Jenkinson traveled to Muscovy several times during his life on behalf of the Muscovy Company.

Jenkinson was in Moscow in the year 1558. He began his journey by traveling south down the Oka and Volga Rivers, passing through the Khanate of Kazan (conquered by Russia in 1552), and arrived at the town of Astrakhan, (conquered 1556). His party continued their journey south-east after traveling across the Caspian Sea to Serachik (Serakhs), where they joined a merchant caravan and traveled for several months across the Tatar lands of the Nogai Horde. They reached Bokhara after fighting off bandits in the desert, but found that though the routes to China and India were well known, they were impassable due to wars and banditry along the way.
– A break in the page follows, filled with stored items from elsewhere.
lemma two_tuple_regular_ord_commutator:
  assumes reg: "two_tuple_regular G" and a: "a \<in> carrier G" and b: "b \<in> carrier G"
    and y: "y \<in> carrier G" and ord_y: "ord y = ord (a \<otimes> b \<otimes> inv a \<otimes> inv b)"
  obtains a' b' where "a' \<in> carrier G" "b' \<in> carrier G" "y = a' \<otimes> b' \<otimes> inv a' \<otimes> inv b'"
    and "ord a' = ord a" "ord b' = ord b"
proof -
  let ?x = "a \<otimes> b \<otimes> inv a \<otimes> inv b"
  let ?H = "subgroup_generated G {?x, a, b}"
  have x: "?x \<in> carrier G" using a b by simp
  obtain a' \<phi> where a': "a' \<in> carrier G"
    and \<phi>: "\<phi> \<in> iso (subgroup_generated G {?x, a}) (subgroup_generated G {y, a'})"
    and \<phi>_x: "\<phi> ?x = y" and \<phi>_a: "\<phi> a = a'"
    by (rule one_tuple_regular_extend[OF two_tuple_regular_imp_one_tuple_regular[OF reg] x y ord_y[symmetric] a])
  obtain b' \<psi> where b': "b' \<in> carrier G"
    and \<psi>: "\<psi> \<in> iso ?H (subgroup_generated G {y, a', b'})"
    and \<psi>_x: "\<psi> ?x = y" and \<psi>_a: "\<psi> a = a'" and \<psi>_b: "\<psi> b = b'"
    by (rule two_tuple_regular_extend[OF reg x y a a' \<phi> \<phi>_x \<phi>_a b])
  have hom: "\<psi> \<in> hom ?H (subgroup_generated G {y, a', b'})" using \<psi> by (simp add: iso_def)
  have a_H: "a \<in> carrier ?H" and b_H: "b \<in> carrier ?H"
    using a b by (simp_all add: carrier_subgroup_generated generate.incl)
  have H: "subgroup (carrier ?H) G" by (rule subgroup_subgroup_generated)
  have inv_H: "inv a \<in> carrier ?H" "inv b \<in> carrier ?H"
    using subgroup.m_inv_closed[OF H] a_H b_H by auto
  have ab_H: "a \<otimes> b \<in> carrier ?H" and aba_H: "a \<otimes> b \<otimes> inv a \<in> carrier ?H"
    using subgroup.m_closed[OF H] a_H b_H inv_H by auto
  have "y = a' \<otimes> b' \<otimes> inv a' \<otimes> inv b'"
    using \<psi>_x \<psi>_a \<psi>_b a_H b_H inv_H ab_H aba_H
    by (simp add: hom_subgroup_generated_mult[OF hom] hom_subgroup_generated_inv[OF hom])
  moreover have "ord a' = ord a" "ord b' = ord b"
    using iso_subgroup_generated_ord[OF \<psi>] a_H b_H \<psi>_a \<psi>_b by auto
  ultimately show ?thesis using a' b' by (intro that[of a' b']) simp_all
qed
The hostility of the local authorities made their stay precarious, and ultimately they were forced to retrace their steps, leaving Bokhara only shortly before the army of Samarkand arrived to besiege it. After many more hardships, including having to completely re-rig the boat they had left on the Caspian (making their own sails, ropes and cables), they arrived back in Moscow in 1559, but could not travel back to England until the spring of 1560 opened the sea passages again. On this journey, however, Jenkinson did manage to make a map of some of the Russian and Tatar territories, though he fell into the common mistake of assuming the Aral Sea was a gulf of the Caspian. His map was incorporated into Ortelius' atlas Theatrum orbis terrarum.


...
Wikipedia

...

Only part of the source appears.